(Data supplied Opens)
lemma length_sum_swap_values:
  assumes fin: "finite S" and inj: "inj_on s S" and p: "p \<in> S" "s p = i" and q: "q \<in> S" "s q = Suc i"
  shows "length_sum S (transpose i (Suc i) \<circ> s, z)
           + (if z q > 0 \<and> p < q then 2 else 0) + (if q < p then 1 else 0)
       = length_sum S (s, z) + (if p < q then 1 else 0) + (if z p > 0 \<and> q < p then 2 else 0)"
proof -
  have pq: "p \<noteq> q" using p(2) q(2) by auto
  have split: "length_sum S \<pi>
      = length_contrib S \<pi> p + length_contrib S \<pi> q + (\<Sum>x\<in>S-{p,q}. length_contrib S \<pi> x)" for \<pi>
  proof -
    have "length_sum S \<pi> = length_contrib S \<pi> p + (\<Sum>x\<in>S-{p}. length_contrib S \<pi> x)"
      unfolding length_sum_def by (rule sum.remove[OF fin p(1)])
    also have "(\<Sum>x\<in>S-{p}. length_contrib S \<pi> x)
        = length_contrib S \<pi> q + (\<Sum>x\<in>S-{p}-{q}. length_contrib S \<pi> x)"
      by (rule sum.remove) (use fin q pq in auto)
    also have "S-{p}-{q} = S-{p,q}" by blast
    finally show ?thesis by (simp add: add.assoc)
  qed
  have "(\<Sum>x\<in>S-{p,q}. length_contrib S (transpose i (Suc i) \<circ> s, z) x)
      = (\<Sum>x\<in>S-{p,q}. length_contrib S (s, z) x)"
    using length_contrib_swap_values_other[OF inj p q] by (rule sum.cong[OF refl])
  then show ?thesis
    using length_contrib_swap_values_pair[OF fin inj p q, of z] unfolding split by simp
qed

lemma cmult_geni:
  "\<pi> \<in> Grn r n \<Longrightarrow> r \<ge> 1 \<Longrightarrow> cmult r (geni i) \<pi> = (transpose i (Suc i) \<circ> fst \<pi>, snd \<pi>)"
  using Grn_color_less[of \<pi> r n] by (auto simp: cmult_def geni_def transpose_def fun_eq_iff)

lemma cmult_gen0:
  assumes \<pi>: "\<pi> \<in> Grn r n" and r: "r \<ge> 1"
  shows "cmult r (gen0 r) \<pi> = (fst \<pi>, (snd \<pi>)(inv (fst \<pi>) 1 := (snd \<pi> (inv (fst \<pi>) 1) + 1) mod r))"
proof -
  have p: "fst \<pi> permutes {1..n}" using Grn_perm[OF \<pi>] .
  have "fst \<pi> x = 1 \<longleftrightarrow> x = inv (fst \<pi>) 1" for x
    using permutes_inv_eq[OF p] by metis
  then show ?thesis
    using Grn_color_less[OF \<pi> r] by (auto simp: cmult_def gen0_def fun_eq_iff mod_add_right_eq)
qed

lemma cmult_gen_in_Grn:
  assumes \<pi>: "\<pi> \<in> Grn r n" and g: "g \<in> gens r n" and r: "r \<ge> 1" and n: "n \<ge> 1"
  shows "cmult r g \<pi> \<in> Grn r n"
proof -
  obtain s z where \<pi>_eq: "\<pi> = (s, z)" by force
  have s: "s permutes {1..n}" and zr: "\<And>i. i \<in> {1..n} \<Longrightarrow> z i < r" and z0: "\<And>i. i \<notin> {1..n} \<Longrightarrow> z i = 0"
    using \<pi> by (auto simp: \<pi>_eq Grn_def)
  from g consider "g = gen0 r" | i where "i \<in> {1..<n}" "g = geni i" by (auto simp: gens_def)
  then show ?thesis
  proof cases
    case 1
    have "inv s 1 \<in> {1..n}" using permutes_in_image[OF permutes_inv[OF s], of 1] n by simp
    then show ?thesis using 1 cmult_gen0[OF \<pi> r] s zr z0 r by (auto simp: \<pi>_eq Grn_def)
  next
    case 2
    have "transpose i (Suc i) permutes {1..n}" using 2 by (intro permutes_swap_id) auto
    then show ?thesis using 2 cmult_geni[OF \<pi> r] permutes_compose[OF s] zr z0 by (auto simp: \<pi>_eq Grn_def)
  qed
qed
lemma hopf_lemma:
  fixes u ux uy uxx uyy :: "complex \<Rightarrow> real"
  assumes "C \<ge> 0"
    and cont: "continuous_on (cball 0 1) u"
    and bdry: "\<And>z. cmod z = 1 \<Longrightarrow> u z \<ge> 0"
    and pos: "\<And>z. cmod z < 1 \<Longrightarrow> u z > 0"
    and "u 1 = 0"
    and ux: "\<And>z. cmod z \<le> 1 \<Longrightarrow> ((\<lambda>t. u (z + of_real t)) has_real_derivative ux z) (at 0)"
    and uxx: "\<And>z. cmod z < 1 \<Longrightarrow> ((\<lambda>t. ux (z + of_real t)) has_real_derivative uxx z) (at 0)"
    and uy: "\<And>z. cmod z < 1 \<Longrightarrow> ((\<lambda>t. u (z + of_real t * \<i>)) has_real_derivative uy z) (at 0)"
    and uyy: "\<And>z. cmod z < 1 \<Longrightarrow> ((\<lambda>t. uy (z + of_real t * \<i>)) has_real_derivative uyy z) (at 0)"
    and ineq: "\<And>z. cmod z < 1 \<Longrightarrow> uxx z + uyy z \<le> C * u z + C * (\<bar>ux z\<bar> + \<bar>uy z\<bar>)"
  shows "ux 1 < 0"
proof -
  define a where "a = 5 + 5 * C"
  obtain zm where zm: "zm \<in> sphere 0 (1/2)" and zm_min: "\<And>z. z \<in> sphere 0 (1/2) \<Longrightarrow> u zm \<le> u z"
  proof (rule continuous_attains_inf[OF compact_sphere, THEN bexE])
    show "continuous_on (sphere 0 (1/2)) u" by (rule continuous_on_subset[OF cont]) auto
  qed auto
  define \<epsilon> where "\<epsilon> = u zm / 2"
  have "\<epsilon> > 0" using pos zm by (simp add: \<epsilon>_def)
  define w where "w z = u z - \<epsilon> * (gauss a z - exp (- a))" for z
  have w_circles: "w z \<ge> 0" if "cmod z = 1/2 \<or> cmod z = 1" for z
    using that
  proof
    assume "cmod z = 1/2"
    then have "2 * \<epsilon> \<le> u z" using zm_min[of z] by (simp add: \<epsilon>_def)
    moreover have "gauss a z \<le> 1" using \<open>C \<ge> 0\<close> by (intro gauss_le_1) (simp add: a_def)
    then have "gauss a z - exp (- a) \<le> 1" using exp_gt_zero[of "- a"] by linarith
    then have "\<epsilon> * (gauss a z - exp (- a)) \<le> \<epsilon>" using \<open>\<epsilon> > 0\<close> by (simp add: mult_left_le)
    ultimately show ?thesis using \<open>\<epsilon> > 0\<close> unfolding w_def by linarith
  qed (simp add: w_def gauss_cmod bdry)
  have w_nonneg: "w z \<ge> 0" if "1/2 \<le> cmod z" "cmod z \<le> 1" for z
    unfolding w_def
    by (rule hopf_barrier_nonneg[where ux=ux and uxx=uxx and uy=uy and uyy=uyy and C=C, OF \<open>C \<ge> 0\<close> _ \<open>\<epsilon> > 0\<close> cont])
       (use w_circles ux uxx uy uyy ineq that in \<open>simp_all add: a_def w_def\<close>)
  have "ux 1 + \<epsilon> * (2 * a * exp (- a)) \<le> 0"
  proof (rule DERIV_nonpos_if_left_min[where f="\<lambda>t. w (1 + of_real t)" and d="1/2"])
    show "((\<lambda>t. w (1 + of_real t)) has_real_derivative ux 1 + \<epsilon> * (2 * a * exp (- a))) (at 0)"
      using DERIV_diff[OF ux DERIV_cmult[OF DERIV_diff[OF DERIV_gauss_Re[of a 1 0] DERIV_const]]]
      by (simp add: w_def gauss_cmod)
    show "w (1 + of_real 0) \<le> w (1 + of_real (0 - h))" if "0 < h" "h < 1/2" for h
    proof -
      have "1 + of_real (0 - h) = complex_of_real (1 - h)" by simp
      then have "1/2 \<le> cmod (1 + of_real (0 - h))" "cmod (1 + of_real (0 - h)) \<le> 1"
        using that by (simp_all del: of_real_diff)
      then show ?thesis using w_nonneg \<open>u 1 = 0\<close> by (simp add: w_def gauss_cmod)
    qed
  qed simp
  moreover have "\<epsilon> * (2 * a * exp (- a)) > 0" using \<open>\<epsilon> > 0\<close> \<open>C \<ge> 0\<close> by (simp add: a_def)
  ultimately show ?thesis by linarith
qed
(Data supplied Closes)
> To do:
The output should be exactly the lines above from the line containing "qed (simp add: w_def gauss_cmod bdry)" to the line containing "has_real_derivative ux 1", inclusive, with no other lines.

> Result of this task:
  qed (simp add: w_def gauss_cmod bdry)
  have w_nonneg: "w z \<ge> 0" if "1/2 \<le> cmod z" "cmod z \<le> 1" for z
    unfolding w_def
    by (rule hopf_barrier_nonneg[where ux=ux and uxx=uxx and uy=uy and uyy=uyy and C=C, OF \<open>C \<ge> 0\<close> _ \<open>\<epsilon> > 0\<close> cont])
       (use w_circles ux uxx uy uyy ineq that in \<open>simp_all add: a_def w_def\<close>)
  have "ux 1 + \<epsilon> * (2 * a * exp (- a)) \<le> 0"
  proof (rule DERIV_nonpos_if_left_min[where f="\<lambda>t. w (1 + of_real t)" and d="1/2"])
    show "((\<lambda>t. w (1 + of_real t)) has_real_derivative ux 1 + \<epsilon> * (2 * a * exp (- a))) (at 0)"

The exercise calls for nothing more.